═══ Excerpted records ═══

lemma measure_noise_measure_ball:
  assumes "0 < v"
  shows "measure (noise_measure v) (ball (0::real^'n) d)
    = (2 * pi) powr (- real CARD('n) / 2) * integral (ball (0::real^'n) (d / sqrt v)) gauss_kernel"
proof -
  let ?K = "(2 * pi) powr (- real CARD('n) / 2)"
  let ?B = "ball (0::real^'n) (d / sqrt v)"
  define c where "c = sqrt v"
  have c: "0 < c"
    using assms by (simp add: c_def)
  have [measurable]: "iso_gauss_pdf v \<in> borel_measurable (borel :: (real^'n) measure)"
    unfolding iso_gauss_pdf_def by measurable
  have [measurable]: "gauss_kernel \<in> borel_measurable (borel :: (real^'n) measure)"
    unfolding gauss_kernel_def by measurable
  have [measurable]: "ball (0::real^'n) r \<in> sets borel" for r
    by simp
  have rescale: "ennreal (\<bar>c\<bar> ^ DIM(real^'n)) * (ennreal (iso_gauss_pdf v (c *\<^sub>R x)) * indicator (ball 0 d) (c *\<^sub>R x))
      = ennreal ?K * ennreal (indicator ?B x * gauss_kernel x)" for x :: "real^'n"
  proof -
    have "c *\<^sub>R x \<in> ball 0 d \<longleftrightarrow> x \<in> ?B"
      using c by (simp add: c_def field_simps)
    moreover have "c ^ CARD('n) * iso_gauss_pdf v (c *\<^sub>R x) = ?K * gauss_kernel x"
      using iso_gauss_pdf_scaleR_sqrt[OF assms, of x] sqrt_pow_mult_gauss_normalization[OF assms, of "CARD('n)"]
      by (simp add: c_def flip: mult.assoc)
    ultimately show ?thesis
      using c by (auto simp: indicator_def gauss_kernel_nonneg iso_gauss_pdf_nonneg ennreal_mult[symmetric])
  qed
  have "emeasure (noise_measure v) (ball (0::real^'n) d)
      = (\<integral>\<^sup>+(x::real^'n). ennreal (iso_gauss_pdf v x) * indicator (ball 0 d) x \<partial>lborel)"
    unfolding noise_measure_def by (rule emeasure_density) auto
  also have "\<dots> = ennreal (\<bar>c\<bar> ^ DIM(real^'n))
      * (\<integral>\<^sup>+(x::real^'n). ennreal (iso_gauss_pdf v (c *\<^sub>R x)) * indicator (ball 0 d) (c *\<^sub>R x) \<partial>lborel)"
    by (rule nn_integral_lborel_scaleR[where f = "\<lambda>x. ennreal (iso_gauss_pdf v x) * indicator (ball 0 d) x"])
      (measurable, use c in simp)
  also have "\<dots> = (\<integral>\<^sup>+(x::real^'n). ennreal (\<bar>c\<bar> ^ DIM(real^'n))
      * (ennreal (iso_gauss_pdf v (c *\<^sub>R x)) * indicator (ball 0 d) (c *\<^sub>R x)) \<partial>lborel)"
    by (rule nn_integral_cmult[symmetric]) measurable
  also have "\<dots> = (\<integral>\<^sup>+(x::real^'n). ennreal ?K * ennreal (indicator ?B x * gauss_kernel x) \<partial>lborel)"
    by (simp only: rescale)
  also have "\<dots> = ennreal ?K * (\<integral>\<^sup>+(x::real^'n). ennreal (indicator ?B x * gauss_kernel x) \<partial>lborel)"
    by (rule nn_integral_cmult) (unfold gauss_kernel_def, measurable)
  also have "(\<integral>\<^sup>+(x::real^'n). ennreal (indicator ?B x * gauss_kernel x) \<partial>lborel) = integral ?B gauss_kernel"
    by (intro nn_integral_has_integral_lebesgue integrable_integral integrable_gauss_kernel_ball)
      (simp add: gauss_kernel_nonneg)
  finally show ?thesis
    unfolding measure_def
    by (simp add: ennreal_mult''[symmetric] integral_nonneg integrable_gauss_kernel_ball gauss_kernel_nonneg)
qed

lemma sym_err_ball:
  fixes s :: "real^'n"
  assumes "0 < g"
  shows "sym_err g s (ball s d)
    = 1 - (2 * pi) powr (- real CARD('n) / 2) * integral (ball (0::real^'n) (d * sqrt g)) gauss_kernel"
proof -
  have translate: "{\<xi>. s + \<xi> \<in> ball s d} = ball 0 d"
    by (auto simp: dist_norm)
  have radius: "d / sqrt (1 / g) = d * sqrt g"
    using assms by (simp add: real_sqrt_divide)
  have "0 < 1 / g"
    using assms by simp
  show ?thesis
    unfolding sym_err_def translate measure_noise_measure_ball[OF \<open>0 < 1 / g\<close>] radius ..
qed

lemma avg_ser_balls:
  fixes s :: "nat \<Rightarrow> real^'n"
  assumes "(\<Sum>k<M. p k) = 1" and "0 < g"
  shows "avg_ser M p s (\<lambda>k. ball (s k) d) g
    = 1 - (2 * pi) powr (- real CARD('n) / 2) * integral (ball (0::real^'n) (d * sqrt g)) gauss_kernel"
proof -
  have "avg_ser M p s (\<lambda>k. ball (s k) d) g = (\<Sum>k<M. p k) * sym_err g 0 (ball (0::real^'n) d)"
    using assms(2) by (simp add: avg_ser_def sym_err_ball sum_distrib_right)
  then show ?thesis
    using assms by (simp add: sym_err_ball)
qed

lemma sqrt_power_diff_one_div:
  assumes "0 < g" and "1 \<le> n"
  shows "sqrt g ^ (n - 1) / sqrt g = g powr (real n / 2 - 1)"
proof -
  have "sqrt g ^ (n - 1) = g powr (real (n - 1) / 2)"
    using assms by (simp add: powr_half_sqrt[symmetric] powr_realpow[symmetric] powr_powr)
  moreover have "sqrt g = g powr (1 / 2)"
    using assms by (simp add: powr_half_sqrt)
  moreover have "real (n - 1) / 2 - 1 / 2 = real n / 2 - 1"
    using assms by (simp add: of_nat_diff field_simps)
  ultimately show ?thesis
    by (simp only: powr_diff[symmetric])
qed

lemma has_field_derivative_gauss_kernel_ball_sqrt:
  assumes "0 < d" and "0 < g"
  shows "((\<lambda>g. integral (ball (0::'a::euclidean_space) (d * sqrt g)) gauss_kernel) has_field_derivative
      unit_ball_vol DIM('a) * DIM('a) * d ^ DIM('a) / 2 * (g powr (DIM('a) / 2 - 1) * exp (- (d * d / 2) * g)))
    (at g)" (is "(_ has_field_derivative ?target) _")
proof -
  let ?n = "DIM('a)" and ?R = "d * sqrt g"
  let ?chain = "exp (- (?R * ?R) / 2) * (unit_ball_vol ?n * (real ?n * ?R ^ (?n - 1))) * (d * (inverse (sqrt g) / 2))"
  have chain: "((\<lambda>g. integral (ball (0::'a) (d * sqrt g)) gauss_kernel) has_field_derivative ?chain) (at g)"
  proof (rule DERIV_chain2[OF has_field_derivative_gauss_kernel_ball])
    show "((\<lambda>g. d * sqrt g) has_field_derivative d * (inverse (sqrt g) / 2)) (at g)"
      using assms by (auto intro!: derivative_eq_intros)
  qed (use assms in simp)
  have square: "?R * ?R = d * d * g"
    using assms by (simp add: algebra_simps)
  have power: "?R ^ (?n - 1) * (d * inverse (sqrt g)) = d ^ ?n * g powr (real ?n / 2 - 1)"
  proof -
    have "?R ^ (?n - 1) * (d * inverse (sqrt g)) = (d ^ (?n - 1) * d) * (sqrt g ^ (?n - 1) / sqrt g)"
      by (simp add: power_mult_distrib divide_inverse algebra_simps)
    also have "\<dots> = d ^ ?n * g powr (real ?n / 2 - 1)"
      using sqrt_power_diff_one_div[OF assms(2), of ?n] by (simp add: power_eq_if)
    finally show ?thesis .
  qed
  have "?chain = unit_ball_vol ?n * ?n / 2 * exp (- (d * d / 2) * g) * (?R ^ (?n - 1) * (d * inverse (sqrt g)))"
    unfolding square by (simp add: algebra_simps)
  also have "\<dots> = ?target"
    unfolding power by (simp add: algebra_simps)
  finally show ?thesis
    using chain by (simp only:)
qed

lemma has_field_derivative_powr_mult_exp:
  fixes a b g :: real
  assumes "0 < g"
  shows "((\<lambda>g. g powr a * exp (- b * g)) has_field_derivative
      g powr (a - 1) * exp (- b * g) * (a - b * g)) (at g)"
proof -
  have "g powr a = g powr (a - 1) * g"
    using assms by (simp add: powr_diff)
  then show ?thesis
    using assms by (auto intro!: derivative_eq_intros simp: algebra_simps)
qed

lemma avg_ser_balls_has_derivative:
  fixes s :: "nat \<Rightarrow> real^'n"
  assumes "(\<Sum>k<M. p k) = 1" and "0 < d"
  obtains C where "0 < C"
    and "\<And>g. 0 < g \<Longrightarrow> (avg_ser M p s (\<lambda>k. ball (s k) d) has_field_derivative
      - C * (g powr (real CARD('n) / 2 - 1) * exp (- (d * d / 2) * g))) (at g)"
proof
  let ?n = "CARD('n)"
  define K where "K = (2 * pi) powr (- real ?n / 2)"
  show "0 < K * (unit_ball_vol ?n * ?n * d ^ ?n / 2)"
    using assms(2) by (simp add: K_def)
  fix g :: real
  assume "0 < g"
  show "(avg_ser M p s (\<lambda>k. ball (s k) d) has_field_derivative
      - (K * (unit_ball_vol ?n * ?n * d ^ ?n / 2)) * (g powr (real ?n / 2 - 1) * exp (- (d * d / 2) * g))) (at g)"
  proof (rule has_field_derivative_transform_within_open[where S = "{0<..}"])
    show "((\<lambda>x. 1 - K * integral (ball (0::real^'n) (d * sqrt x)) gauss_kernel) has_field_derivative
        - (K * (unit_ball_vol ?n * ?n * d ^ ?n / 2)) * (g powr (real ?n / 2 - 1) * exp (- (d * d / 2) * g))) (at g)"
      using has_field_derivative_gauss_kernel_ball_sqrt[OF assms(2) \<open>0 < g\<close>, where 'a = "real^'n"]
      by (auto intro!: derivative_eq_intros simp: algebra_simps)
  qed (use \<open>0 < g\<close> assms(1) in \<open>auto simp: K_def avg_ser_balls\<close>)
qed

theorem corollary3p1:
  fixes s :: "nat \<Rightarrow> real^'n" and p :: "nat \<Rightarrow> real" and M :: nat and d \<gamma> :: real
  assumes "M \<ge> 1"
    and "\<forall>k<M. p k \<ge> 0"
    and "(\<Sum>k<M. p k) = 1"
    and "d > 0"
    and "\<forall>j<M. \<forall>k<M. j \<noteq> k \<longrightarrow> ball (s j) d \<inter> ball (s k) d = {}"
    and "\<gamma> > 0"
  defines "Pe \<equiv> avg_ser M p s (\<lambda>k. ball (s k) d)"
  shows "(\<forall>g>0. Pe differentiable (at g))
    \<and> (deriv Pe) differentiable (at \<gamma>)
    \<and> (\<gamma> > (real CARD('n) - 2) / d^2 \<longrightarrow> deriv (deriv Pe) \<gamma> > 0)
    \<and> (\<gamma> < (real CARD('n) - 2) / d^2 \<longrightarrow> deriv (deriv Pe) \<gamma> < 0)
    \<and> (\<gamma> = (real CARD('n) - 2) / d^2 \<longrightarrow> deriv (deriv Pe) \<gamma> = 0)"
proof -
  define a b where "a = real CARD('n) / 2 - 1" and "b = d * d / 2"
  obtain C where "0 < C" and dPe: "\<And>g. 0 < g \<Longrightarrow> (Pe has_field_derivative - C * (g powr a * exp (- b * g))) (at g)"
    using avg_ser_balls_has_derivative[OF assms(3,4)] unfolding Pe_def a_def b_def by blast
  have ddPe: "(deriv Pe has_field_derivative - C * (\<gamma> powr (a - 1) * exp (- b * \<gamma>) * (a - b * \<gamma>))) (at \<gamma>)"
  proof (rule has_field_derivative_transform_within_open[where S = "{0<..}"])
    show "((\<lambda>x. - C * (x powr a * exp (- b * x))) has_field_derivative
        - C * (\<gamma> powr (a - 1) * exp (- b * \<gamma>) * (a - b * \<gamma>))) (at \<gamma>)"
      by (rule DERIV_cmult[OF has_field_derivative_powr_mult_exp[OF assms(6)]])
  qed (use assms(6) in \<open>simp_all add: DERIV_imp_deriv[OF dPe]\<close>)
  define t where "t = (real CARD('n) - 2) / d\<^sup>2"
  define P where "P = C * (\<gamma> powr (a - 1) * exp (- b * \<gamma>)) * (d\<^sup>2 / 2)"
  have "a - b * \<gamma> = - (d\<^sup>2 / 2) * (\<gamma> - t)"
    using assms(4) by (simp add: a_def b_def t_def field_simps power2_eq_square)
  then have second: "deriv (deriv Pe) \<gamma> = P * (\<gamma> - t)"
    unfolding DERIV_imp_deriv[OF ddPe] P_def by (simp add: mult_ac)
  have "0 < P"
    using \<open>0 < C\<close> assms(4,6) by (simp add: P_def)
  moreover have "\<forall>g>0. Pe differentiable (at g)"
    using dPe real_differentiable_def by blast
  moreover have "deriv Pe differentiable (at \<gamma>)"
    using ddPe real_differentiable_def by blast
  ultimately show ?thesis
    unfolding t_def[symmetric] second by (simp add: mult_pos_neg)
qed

═══

## Required work
Every line above that holds the string "lemma" should be copied into the answer.

## Expected answer
lemma measure_noise_measure_ball:
lemma sym_err_ball:
lemma avg_ser_balls:
lemma sqrt_power_diff_one_div:
lemma has_field_derivative_gauss_kernel_ball_sqrt:
lemma has_field_derivative_powr_mult_exp:
lemma avg_ser_balls_has_derivative:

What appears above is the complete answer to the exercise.